Now I was ready to start developing, but I was faced with a question: what platform(s) to target? It is possible to develop a Windows Universal app, that theoretically can run on anything from a PC to a phone. This sounds ideal, but the devil is in the details. The types of controls available for developing a universal app are more limited than those available for a standard Windows Forms program. For example, the control used to display an image in a universal app (named, oddly enough, Image
) is sealed, meaning it can’t be extended. I really wanted something like the PictureBox
control available with Windows Forms, but this is not available in the universal API. So I have tentatively decided to develop a more traditional Windows Forms app, able to run on PCs and tablets like Microsoft Surface. The Windows phone may be fading into the sunset anyway, so it doesn’t seem worth it to jump through hoops to target a platform that is teensy-weensy compared to Android and iOS.
I should mention that I did try the bridge that Microsoft has developed to port iOS programs written in objective C over to Windows. Long story short, it didn’t work, as many parts of the iOS API haven’t been fully ported yet. Maybe someday this process will be easier.

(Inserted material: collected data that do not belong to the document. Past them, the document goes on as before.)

lemma irreducible_invariant_vanishes:
  fixes P :: "real^'n^'n"
  assumes nonneg: "\<And>i j. 0 \<le> P$i$j" and irr: "irreducible_trapping_set P S"
    and v_nonneg: "\<forall>i\<in>S. 0 \<le> v i" and inv: "invariant_on P S v"
    and k: "k \<in> S" "v k = 0"
  shows "\<forall>i\<in>S. v i = 0"
proof (rule ccontr)
  define N where "N = {i\<in>S. v i \<noteq> 0}"
  assume "\<not> (\<forall>i\<in>S. v i = 0)"
  then have "N \<noteq> {}" by (auto simp: N_def)
  \<comment> \<open>An entry where \<open>v\<close> vanishes receives mass only from entries where it vanishes.\<close>
  moreover have "link_closed P N"
    unfolding link_closed_def
  proof (intro ballI allI impI)
    fix i j assume i: "i \<in> N" and j: "j \<notin> N"
    show "\<not> link P i j"
    proof (cases "j \<in> S")
      case False
      then show ?thesis
        using irr i by (auto simp: irreducible_trapping_set_def trapping_set_def N_def)
    next
      case True
      with j inv have "(\<Sum>i\<in>S. P$i$j * v i) = 0" by (simp add: N_def invariant_on_def)
      then have "P$i$j = 0"
        using i nonneg v_nonneg by (auto simp: N_def sum_nonneg_eq_0_iff)
      then show ?thesis by (simp add: link_def)
    qed
  qed
  moreover have "N \<subset> S" using k by (auto simp: N_def)
  ultimately show False
    using irr by (auto simp: irreducible_trapping_set_def trapping_set_iff_link_closed)
qed

lemma invariant_prob_pos:
  fixes P :: "real^'n^'n"
  assumes nonneg: "\<And>i j. 0 \<le> P$i$j" and irr: "irreducible_trapping_set P S"
    and q: "invariant_prob P S q" and i: "i \<in> S"
  shows "0 < q i"
proof (rule ccontr)
  assume "\<not> 0 < q i"
  with q i have "q i = 0" by (force simp: invariant_prob_iff)
  then have "\<forall>j\<in>S. q j = 0"
    using irreducible_invariant_vanishes[OF nonneg irr _ _ i] q by (simp add: invariant_prob_iff)
  then show False using q by (simp add: invariant_prob_iff)
qed

lemma irreducible_invariant_proportional:
  fixes P :: "real^'n^'n"
  assumes nonneg: "\<And>i j. 0 \<le> P$i$j" and irr: "irreducible_trapping_set P S"
    and q: "invariant_prob P S q"
    and v_nonneg: "\<forall>i\<in>S. 0 \<le> v i" and v: "invariant_on P S v"
  obtains t where "0 \<le> t" "\<forall>i\<in>S. v i = t * q i"
proof -
  have q_pos: "0 < q i" if "i \<in> S" for i
    using invariant_prob_pos[OF nonneg irr q that] .
  have "S \<noteq> {}" using irr by (simp add: irreducible_trapping_set_def trapping_set_def)
  \<comment> \<open>Removing the largest multiple of \<open>q\<close> below \<open>v\<close> leaves a nonnegative invariant
    vector with a zero entry.\<close>
  define t where "t = Min ((\<lambda>i. v i / q i) ` S)"
  have "t \<in> (\<lambda>i. v i / q i) ` S" unfolding t_def using \<open>S \<noteq> {}\<close> by (intro Min_in) auto
  then obtain k where k: "k \<in> S" "t = v k / q k" by blast
  define e where "e i = v i - t * q i" for i
  have e_nonneg: "\<forall>i\<in>S. 0 \<le> e i"
  proof
    fix i assume "i \<in> S"
    then have "t \<le> v i / q i" unfolding t_def by simp
    then show "0 \<le> e i" using q_pos[OF \<open>i \<in> S\<close>] by (simp add: e_def pos_le_divide_eq)
  qed
  have "invariant_on P S e"
    unfolding invariant_on_def
  proof
    fix j assume "j \<in> S"
    have "(\<Sum>i\<in>S. P$i$j * e i) = (\<Sum>i\<in>S. P$i$j * v i) - t * (\<Sum>i\<in>S. P$i$j * q i)"
      by (simp add: e_def sum_subtractf sum_distrib_left algebra_simps)
    then show "(\<Sum>i\<in>S. P$i$j * e i) = e j"
      using v q \<open>j \<in> S\<close> by (simp add: invariant_on_def invariant_prob_iff e_def)
  qed
  moreover have "e k = 0" using k q_pos[OF k(1)] by (simp add: e_def)
  ultimately have "\<forall>i\<in>S. e i = 0"
    using irreducible_invariant_vanishes[OF nonneg irr e_nonneg] k(1) by blast
  moreover have "0 \<le> t" using k v_nonneg q_pos[OF k(1)] by simp
  ultimately show thesis using that[of t] by (simp add: e_def)
qed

I’m sure experienced Windows developers will read this and just chalk it up to my own inexperience as a Windows developer. I would respond that, as someone who is a cross-platform developer, it really is difficult to transition from Unix or BSD-based systems like Apple or GNU/Linux to Windows. I think Microsoft is trying to fix this as evidenced by their recent embrace of open-source code. Visual Studio is an excellent IDE. Nevertheless problems like I’ve describe do exist and will be familiar to anyone who has made the same journey I have. I’d advise anyone like this to keep on plugging away. In the immortal words of Jason Nesmith: Never give up! Never surrender!